* To do
Looking at the listing below, retype exactly the lines starting at the one containing "unfolding power_add[symmetric] using" and ending at the one containing "S \<noteq> 0 \<Longrightarrow>", both included, and nothing else.

*** Begin section ***

lemma alpha_terms_difference:
  fixes x q :: complex
  assumes "q \<noteq> 0" "norm q < 1" "norm x \<le> 1" "1 \<le> d"
    and "N = Suc N'" "N + Nt = d*k + e + Suc m"
  shows "Pn d k e x q (Suc n) * weight d x q (Suc n) (Suc m) * inverse (q^(Suc n*N))
      - Pn d k e x q (Suc n) * weight d x q (Suc n) m * inverse (q^(Suc n*N'))
    = (x*q)^N' * (tbeta d k e (x*q) q n * (x*q*q^(n+1))^Nt)"
proof -
  let ?p = "q^n" and ?s = "q^Suc n" and ?X = "x*q" and ?S = "q^(Suc n*d)"
  let ?c = "1 - ?X^d" and ?b = "1 - ?X" and ?v = "1 - ?S"
  let ?r = "x^(d*k+e) * q^((2*d*k+2*e+d)*(n+1))"
  note nz = Pn_nonzero_factors[OF assms(2-4)]
  have S: "?S = ?s^d" by (rule power_mult)
  have s0: "?s \<noteq> 0" "?S \<noteq> 0" using assms(1) by simp_all
  have "inverse (q^(Suc n*N')) = ?s * inverse (?s^N)"
    unfolding assms(5) power_mult using assms(1) by (simp add: field_simps)
  then have "Pn d k e x q (Suc n) * weight d x q (Suc n) (Suc m) * inverse (q^(Suc n*N))
      - Pn d k e x q (Suc n) * weight d x q (Suc n) m * inverse (q^(Suc n*N'))
      = Pn d k e x q (Suc n) * inverse (?s^N) * (weight d x q (Suc n) (Suc m) - ?s * weight d x q (Suc n) m)"
    unfolding power_mult by (simp add: algebra_simps)
  also have "\<dots> = pref d k e x q n * (- ?r) * (?c / (?v * ?b)) * Pn_tail d x q n * inverse (?s^N)
      * (?s^Suc m * ?X^m * ?b * ?v / (?S * ?c))"
    unfolding weight_diff Pn_Suc_factor[OF assms(2-4)] by (simp add: mult.assoc)
  also have "\<dots> = pref d k e x q n * (- ?r) * Pn_tail d x q n * inverse (?s^N) * (?s^Suc m * ?X^m / ?S)"
  proof -
    have "\<And>P R t Y Z C V B T :: complex. C \<noteq> 0 \<Longrightarrow> V \<noteq> 0 \<Longrightarrow> B \<noteq> 0 \<Longrightarrow>
        P * R * (C / (V*B)) * t * Y * (Z*B*V / (T*C)) = P * R * t * Y * (Z/T)"
      by (simp add: field_simps)
    then show ?thesis using nz by (metis (no_types, lifting) mult.assoc)
  qed
  also have "\<dots> = - (pref d k e x q n * Pn_tail d x q n * (?r * inverse (?s^N) * (?s^Suc m * ?X^m / ?S)))"
    by (simp only: ac_simps mult_minus_left mult_minus_right)
  also have "?r * inverse (?s^N) * (?s^Suc m * ?X^m / ?S) = ?X^N' * (?p^(d*k+e) * ((?X*?s)^Nt))"
  proof -
    have X: "?X^(d*k+e) * ?X^m = ?X^N' * ?X^Nt"
      unfolding power_add[symmetric] using assms(5,6) by simp
    have s:  "?s^(d*k+e+d) * ?s^Suc m = ?s^Nt * ?s^N * ?S"
      unfolding S power_add[symmetric] by (rule arg_cong[where f = "\<lambda>j. ?s^j"]) (use assms(5,6) in simp)
    have "\<And>A P B M Y U V W Sn S :: complex. Sn \<noteq> 0 \<Longrightarrow> S \<noteq> 0 \<Longrightarrow>
        A*Y = U*V \<Longrightarrow> B*M = W*Sn*S \<Longrightarrow> A*P*B * inverse Sn * (M*Y/S) = U * (P * (V*W))"
    proof -
      fix A P B M Y U V W Sn S :: complex
      assume nz: "Sn \<noteq> 0" "S \<noteq> 0" and AY: "A*Y = U*V" and BM: "B*M = W*Sn*S"
      have "A*P*B * inverse Sn * (M*Y/S) = P * (A*Y) * (B*M) / (Sn*S)"
        by (simp add: field_simps)
      also have "\<dots> = U * (P * (V*W))" unfolding AY BM using nz by (simp add: field_simps)
      finally show "A*P*B * inverse Sn * (M*Y/S) = U * (P * (V*W))" .
    qed
    from this[OF _ s0(2) X s] show ?thesis unfolding pref_ratio_split power_mult_distrib using s0 by simp
  qed
  also have "- (pref d k e x q n * Pn_tail d x q n * (?X^N' * (?p^(d*k+e) * ((?X*?s)^Nt))))
      = ?X^N' * (tbeta d k e (x*q) q n * (x*q*q^(n+1))^Nt)"
    unfolding tbeta_def talpha_mult_q by (simp add: mult_ac)
  finally show ?thesis .
qed
(* Let $(\mathcal{G},\underline{a})$ be a finite metric graph and let $A,B$ be linear maps in $\mathcal{K}$ with $(A,\,B)$ surjective and $AB^*$ self-adjoint. Then the function $L(\cdot,\underline{a})\colon[0,\infty)\to\operatorname{Herm}(\operatorname{Ran}P^\perp)$, $\kappa\mapsto L(\kappa,\underline{a})$, has the following properties: (1) it is norm-continuous; (2) for each $x\in\operatorname{Ran}P^\perp\setminus\{0\}$ the function $\mathfrak{l}[x](\kappa)=\langle L(\kappa,\underline{a})x,x\rangle$ is decreasing at value zero, i.e. if $\mathfrak{l}[x](\kappa_0)=0$ then $\mathfrak{l}[x](\kappa)>0$ for $\kappa<\kappa_0$ and $\mathfrak{l}[x](\kappa)<0$ for $\kappa>\kappa_0$; (3) there is $\gamma\in[0,\infty)$ such that $L(\gamma,\underline{a})<0$ (strictly negative definite on $\operatorname{Ran}P^\perp$).
   Context: A finite metric graph has a finite set $\mathcal{I}$ of internal edges, identified with intervals $[0,a_i]$, $a_i>0$, and a finite set $\mathcal{E}$ of external edges identified with $[0,\infty)$; $\underline{a}=\{a_i\}_{i\in\mathcal{I}}$. Let $\mathcal{K}=\mathcal{K}_{\mathcal{E}}\oplus\mathcal{K}_{\mathcal{I}}^-\oplus\mathcal{K}_{\mathcal{I}}^+$ with $\mathcal{K}_{\mathcal{E}}\cong\mathbb{C}^{|\mathcal{E}|}$, $\mathcal{K}_{\mathcal{I}}^\pm\cong\mathbb{C}^{|\mathcal{I}|}$. For $A,B$ as stated let $P$ be the orthogonal projector onto $\operatorname{Ker}B$, $P^\perp=1-P$, and $L=(B|_{\operatorname{Ran}B^*})^{-1}AP^\perp$, a Hermitian operator in $\operatorname{Ran}P^\perp$; $\operatorname{Herm}(X)$ denotes the Hermitian operators on $X$. With respect to the decomposition of $\mathcal{K}$ let $$Q=\begin{bmatrix}1&0&0\\0&\frac{1}{\sqrt2}&\frac{1}{\sqrt2}\\0&\frac{1}{\sqrt2}&-\frac{1}{\sqrt2}\end{bmatrix},\qquad D(\kappa,\underline{a})=\begin{bmatrix}-\kappa&0&0\\0&\lambda(\kappa,\underline{a})&0\\0&0&\mu(\kappa,\underline{a})\end{bmatrix},$$ where $\lambda(\kappa,\underline{a})$ and $\mu(\kappa,\underline{a})$ are the diagonal matrices with entries $-\kappa\tanh(\kappa a_i/2)$ and $-\kappa/\tanh(\kappa a_i/2)$ respectively (for $\kappa=0$ the latter is interpreted by continuity as $-2/a_i$). Set $M(\kappa,\underline{a})=QD(\kappa,\underline{a})Q$ and $L(\kappa,\underline{a})=L+P^\perp M(\kappa,\underline{a})P^\perp$, regarded as a Hermitian operator in $\operatorname{Ran}P^\perp$, for $\kappa\ge0$. *)

theory Defs
  imports Complex_Main "Jordan_Normal_Form.Schur_Decomposition" "Jordan_Normal_Form.Matrix_Kernel"
begin
lemma moebius_mult_prime:
  assumes p: "prime p" and "\<not> p dvd d" and "d > 0"
  shows "moebius (d * p) = - moebius d"
proof -
  have "coprime d p"
    using assms by (metis prime_imp_coprime coprime_commute)
  then have "squarefree (d * p) \<longleftrightarrow> squarefree d"
    using squarefree_mult_coprime squarefree_prime[OF p] squarefree_multD(1) by blast
  moreover have "prime_factors (d * p) = insert p (prime_factors d)"
    using assms by (simp add: prime_factors_product prime_prime_factors)
  moreover have "p \<notin> prime_factors d"
    using assms by auto
  ultimately show ?thesis
    using assms by (simp add: moebius_def prime_gt_0_nat)
qed

definition toggle_factor :: "nat \<Rightarrow> nat \<Rightarrow> nat" where
  "toggle_factor p d = (if p dvd d then d div p else d * p)"

lemma toggle_factor_cases:
  assumes p: "prime p" and "squarefree d"
  obtains c where "\<not> p dvd c" "d = c" "toggle_factor p d = c * p"
    | c where "\<not> p dvd c" "d = c * p" "toggle_factor p d = c"
proof (cases "p dvd d")
  case True
  then have d: "d = d div p * p" by simp
  have "\<not> p dvd d div p"
  proof
    assume "p dvd d div p"
    then have "p * p dvd d" using d by (metis mult_dvd_mono dvd_refl)
    then show False
      using p \<open>squarefree d\<close> by (metis not_prime_unit power2_eq_square squarefree_def)
  qed
  with d True show ?thesis using that(2) by (simp add: toggle_factor_def)
qed (use that(1) in \<open>simp add: toggle_factor_def\<close>)
(* Let $\Omega$ be the space of locally finite counting measures on $\mathbb{R}$ with its usual $\sigma$-field, let $\mathbb{P}$ be the law of a stationary Poisson process on $\mathbb{R}$ with intensity 1, and let $N(\omega):=\omega$. Equip $\Omega$ with the flow $\theta_{(a,b)}\omega:=\omega(\cdot+b)$, $(a,b)\in\mathbb{R}^2$ (shift of $\omega$ by $b$). Define random measures on $\mathbb{R}^2$ by $\xi(C):=\sum_{y:\,N(\{y\})>0}\lambda_1(\{x\in\mathbb{R}:(x,y)\in C\})$ (one-dimensional Lebesgue measure on the horizontal lines through the points of $N$ on the $y$-axis) and $\eta:=\lambda_2$ (Lebesgue measure on $\mathbb{R}^2$). Then $\xi$ and $\eta$ are diffuse, jointly stationary and ergodic with common intensity 1, but there is no allocation $\tau:\Omega\times\mathbb{R}^2\to\mathbb{R}^2\cup\{\infty\}$ balancing $\xi$ and $\eta$.
   Context: An allocation (on $\mathbb{R}^2$ for the flow $(\theta_z)$) is a measurable map $\tau:\Omega\times\mathbb{R}^2\to\mathbb{R}^2\cup\{\infty\}$ with $\tau(\theta_y\omega,x-y)=\tau(\omega,x)-y$ for all $x,y\in\mathbb{R}^2$ and $\mathbb{P}$-a.e. $\omega$. It balances $\xi$ and $\eta$ if a.s. $\xi(\{s:\tau(s)=\infty\})=0$ and $\int\mathbf{1}\{\tau(s)\in C\}\,\xi(ds)=\eta(C)$ for all Borel $C\subset\mathbb{R}^2$. $\lambda_1,\lambda_2$ denote one- and two-dimensional Lebesgue measure. *)

theory Defs
  imports "HOL-Probability.Probability"
begin

text \<open>A locally finite counting measure on R is represented by its point-multiplicity
  function omega :: real => nat, whose support meets every bounded interval in a finite set.\<close>

definition Omega :: "(real \<Rightarrow> nat) set" where
  "Omega = {\<omega>. \<forall>a b. finite {x \<in> {a..b}. 0 < \<omega> x}}"

definition cnt :: "(real \<Rightarrow> nat) \<Rightarrow> real set \<Rightarrow> ennreal" where
  "cnt \<omega> B = (\<integral>\<^sup>+ x. ennreal (real (\<omega> x)) \<partial>count_space B)"

definition OmegaM :: "(real \<Rightarrow> nat) measure" where
  "OmegaM = sigma Omega
     {{\<omega> \<in> Omega. cnt \<omega> B \<in> A} | B A. B \<in> sets (borel :: real measure) \<and> A \<in> sets (borel :: ennreal measure)}"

*** End section ***

* Solution
      unfolding power_add[symmetric] using assms(5,6) by simp
    have s:  "?s^(d*k+e+d) * ?s^Suc m = ?s^Nt * ?s^N * ?S"
      unfolding S power_add[symmetric] by (rule arg_cong[where f = "\<lambda>j. ?s^j"]) (use assms(5,6) in simp)
    have "\<And>A P B M Y U V W Sn S :: complex. Sn \<noteq> 0 \<Longrightarrow> S \<noteq> 0 \<Longrightarrow>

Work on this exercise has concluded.